За ней действительно ухаживают: моют, переворачивают, поддерживают в чистоте и свежести, это видно даже на первый взгляд. Наверное, ее мать в какой-то момент научилась реагировать одобрительно на такую форму заботы о ней. Мне же это пока ножом по сердцу, хотя я и пытался себя подготовить к тому, что увижу здесь.

Давлюсь тяжелым комом, застрявшим в горле, перевожу дыхание и сажусь на посетительский стул с мягкой подушкой. Он не продавлен от времени, хотя и новым не выглядит. Это лишний раз подтверждает, что сюда и впрямь крайне редко приходят, и эта крупица правды, которую я и так знал, почему-то всаживает мне в душу острую спицу. Вторую и третью всаживают два одеяльных оврага на уровне ниже колен пациентки.

Собраться с духом тяжело, но я заставляю себя это сделать. В конце концов, я здесь не ради себя.

– Привет, Старшая, – произношу я, и мой голос дрожит.

Черт, это будет очень странный диалог, потому что будет монологом. Удивительное дело, а я ведь действительно воображал, что приду сюда, чтобы поговорить со Старшей.

– Я не знаю, как это нужно делать, чтобы ты лучше слышала. Но ты уж отойди куда-нибудь в укромное место, послушай. Я побуду твоим призраком из стен некоторое время, мне многое нужно тебе рассказать.

В палате ничего не происходит, хотя я ждал какого-то эффекта. Что трещины появятся здесь, в реальности или что за окном резко ударит молния. Но волшебные знаки не сыплются на меня, как из рога изобилия, и я начинаю думать, что вся моя затея – сущий бред.

Упаднические настроения охватывают меня всего на несколько секунд, затем я все-таки справляюсь с ними.

– Ты наверняка узнала меня, но я все же представлюсь. Это я, Спасатель. Ты меня еще помнишь? Сейчас я в твоей больничной палате. Мне удалось тебя найти… хотя, не мне одному – мне в этом помогали.

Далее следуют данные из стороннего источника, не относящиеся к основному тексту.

(* For all $n\ge1$, $$a_{\{0101,0102,0112,0120\}}(n)=a_{\{0101,0102,0112,0121\}}(n)=a_{\{0101,0112,0120,0121\}}(n)=1+\binom{n+1}{3}.$$
   Context: An ascent in an integer sequence $s_1\cdots s_m$ is an index $j$ with $s_j<s_{j+1}$; $\mathrm{asc}$ denotes the number of ascents. An ascent sequence is a sequence $x_1\cdots x_n$ of nonnegative integers with $x_1=0$ and $x_i\le 1+\mathrm{asc}(x_1\cdots x_{i-1})$ for all $i\ge2$. The reduction $\mathrm{red}(w)$ of an integer sequence $w$ replaces the $i$-th smallest distinct letter of $w$ by $i-1$; a pattern is a reduced sequence. A sequence $x$ contains a pattern $p=p_1\cdots p_k$ if there are indices $i_1<\cdots<i_k$ with $\mathrm{red}(x_{i_1}\cdots x_{i_k})=p$; otherwise $x$ avoids $p$. For a finite set $P$ of patterns, $a_P(n)$ denotes the number of ascent sequences of length $n$ avoiding every pattern in $P$. *)

theory Defs
  imports Main
begin

definition asc :: "nat list \<Rightarrow> nat" where
  "asc s = card {j. Suc j < length s \<and> s ! j < s ! Suc j}"

(* ascent sequences: x_1 = 0 and x_i \<le> 1 + asc(x_1...x_{i-1}) for i \<ge> 2
   (0-indexed: x!0 = 0 and x!i \<le> 1 + asc (take i x) for 1 \<le> i < length x) *)
definition ascent_seq :: "nat list \<Rightarrow> bool" where
  "ascent_seq x \<longleftrightarrow> x \<noteq> [] \<and> x ! 0 = 0 \<and>
     (\<forall>i. 1 \<le> i \<and> i < length x \<longrightarrow> x ! i \<le> 1 + asc (take i x))"

definition red :: "nat list \<Rightarrow> nat list" where
  "red w = map (\<lambda>v. card {u \<in> set w. u < v}) w"

definition contains :: "nat list \<Rightarrow> nat list \<Rightarrow> bool" where
  "contains x p \<longleftrightarrow> (\<exists>is. sorted_wrt (<) is \<and> length is = length p \<and>
      (\<forall>i\<in>set is. i < length x) \<and> red (map (\<lambda>i. x ! i) is) = p)"

definition avoids :: "nat list \<Rightarrow> nat list \<Rightarrow> bool" where
  "avoids x p \<longleftrightarrow> \<not> contains x p"

definition a_P :: "nat list set \<Rightarrow> nat \<Rightarrow> nat" where
  "a_P P n = card {x. ascent_seq x \<and> length x = n \<and> (\<forall>p\<in>P. avoids x p)}"

end

theory Submission
  imports Defs
begin

(* Each of the three pattern sets P forces every P-avoiding ascent sequence of length n other
   than 0^n into an explicit family of sequences indexed injectively by the triples
   i < j < l <= n, of which there are C(n+1, 3). Avoiders are closed under deleting the last
   letter, so the classification goes by induction on n: appending a letter v <= 1 + asc x to a
   member x of the family either gives a member of the family of length n + 1 or creates one of
   the forbidden patterns. *)

section \<open>Occurrences of patterns of length four\<close>

lemma red_less_iff:
  assumes "red w = p" "a < length w" "b < length w"
  shows "w ! a < w ! b \<longleftrightarrow> p ! a < p ! b"
proof -
  have p_nth: "p ! k = card {u \<in> set w. u < w ! k}" if "k < length w" for k
    using assms(1) that unfolding red_def by auto
  have mono_strict: "card {u \<in> set w. u < x} < card {u \<in> set w. u < y}" if "x < y" "x \<in> set w" for x y
    by (rule psubset_card_mono) (use that in auto)
  have mono: "card {u \<in> set w. u < x} \<le> card {u \<in> set w. u < y}" if "x \<le> y" for x y
    by (rule card_mono) (use that in auto)
  show ?thesis
    using mono_strict[of "w ! a" "w ! b"] mono[of "w ! b" "w ! a"] assms(2,3)
    unfolding p_nth[OF assms(2)] p_nth[OF assms(3)] by fastforce
qed
(* Consider a symmetric instance with $n$ actions, nonnegative sender values, and $2\le k\le n$. Let $\varphi^*_n$ be an optimal direct, persuasive scheme with $n$ signals that is symmetric (with $k=n$); such a scheme exists. The Imitation Scheme $\varphi_{Imi}$ is symmetric, direct and persuasive (with $k$ signals), and $u_{\mathcal S}(\varphi_{Imi})\ge\frac kn\operatorname{OPT}_n$. Moreover, for all $2\le k\le n$ there exists a random-order instance (a single vector of $n$ types, uniformly randomly permuted) with $\operatorname{OPT}_k\le\frac kn\operatorname{OPT}_n$.
   Context: Model: receiver chooses one of actions $[n]$; each action has a type; state $\boldsymbol\theta$ drawn from a known distribution $q$; each type $t$ has receiver value $\rho(t)$ and sender value $\xi(t)$ (here $\xi\ge0$). A scheme with $k$ signals maps states to distributions over $k$ signals; the receiver best-responds to her posterior, ties in favor of the sender. $\operatorname{OPT}_k$ is the maximal sender expected utility over schemes with $k$ signals. Direct: each signal recommends an action; persuasive: for each signal sent with positive probability recommending $i$, $\mathbb E[\rho(\theta_i)\mid\sigma]\ge\mathbb E[\rho(\theta_j)\mid\sigma]$ for all $j$. Symmetric instance: $q_{\boldsymbol\theta}=q_{\boldsymbol\theta'}$ whenever $\boldsymbol\theta'$ is a permutation of $\boldsymbol\theta$. With $(\pi\cdot\boldsymbol\theta)_{\pi(l)}=\theta_l$, a scheme with $k$ signals is symmetric if it is direct, recommends actions $1,\dots,k$, and $\varphi(\pi\cdot\boldsymbol\theta,\pi(i))=\varphi(\boldsymbol\theta,i)$ for all states, $i\in[k]$, and permutations $\pi$ of $[n]$ with $\pi([k])=[k]$. Imitation Scheme: given $\boldsymbol\theta$, draw action $i$ from $\varphi^*_n(\boldsymbol\theta,\cdot)$; if $i\in[k]$ recommend $i$, otherwise recommend an action drawn uniformly at random from $[k]$. *)

theory Defs
  imports "HOL-Probability.Probability" "HOL-Combinatorics.Permutations"
begin

text \<open>States are vectors theta :: nat => 'a of types, only theta 0, ..., theta (n-1) matter
  (actions are 0..n-1). q is the prior over states (a pmf with finite support).\<close>

definition symmetric_instance :: "nat \<Rightarrow> (nat \<Rightarrow> 'a) pmf \<Rightarrow> bool" where
  "symmetric_instance n q \<longleftrightarrow> finite (set_pmf q) \<and>
     (\<forall>\<theta> \<pi>. \<pi> permutes {..<n} \<longrightarrow> pmf q (\<theta> \<circ> inv \<pi>) = pmf q \<theta>)"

Но все по порядку. Ты извини за сбивчивость, я плохой рассказчик, когда волнуюсь.

Неловко усмехаюсь, беспомощно поглядываю на аппараты. На них никаких видимых для меня изменений, поэтому я не знаю, слышит меня Старшая или нет. Остается только надеяться, что слышит.

– Все вышло, как ты говорила. В конце дороги действительно был выход из комы. И когда я проснулся, я действительно ничего не помнил об интернате. Может, если б помнил, было бы проще пережить все, что ожидало меня после пробуждения…

Поджимаю губы и смотрю на свои ноги. При желании под джинсой можно угадать, что правая – протез, хотя и хороший. Меня всегда утешали именно этим, что у меня хороший протез. Будто это может изменить тот факт, что я потерял ногу в аварии, в которой погибли два моих друга и моя девушка.

Смутно вспоминаю, как легко я относился к своему увечью там, в интернате, и удивляюсь собственной наивности. Легко мне тогда было говорить, я ведь понятия не имел, с чем придется иметь дело. Впрочем, может, оно и к лучшему? Иначе я мог бы струсить и остаться. Хотя в это верится с трудом: что-то мне подсказывает, что мыслить «ближе к телу» и замечать физический дискомфорт я стал только после выпуска из института.

Гадать без толку, все равно сделанного не вернешь.

– Со мной случилась почти та же история, что с тобой. Авария. И я тоже был не за рулем. Сидел сзади со стороны водителя. Может, поэтому и удалось выжить, хотя, знаешь, первые полтора года я был этому даже не очень рад. Психологи, к которым я ходил, в один голос утверждали, что у меня комплекс выжившего, а мне просто было жалко себя из-за потери людей и из-за постоянных фантомных болей в отсутствующей ноге.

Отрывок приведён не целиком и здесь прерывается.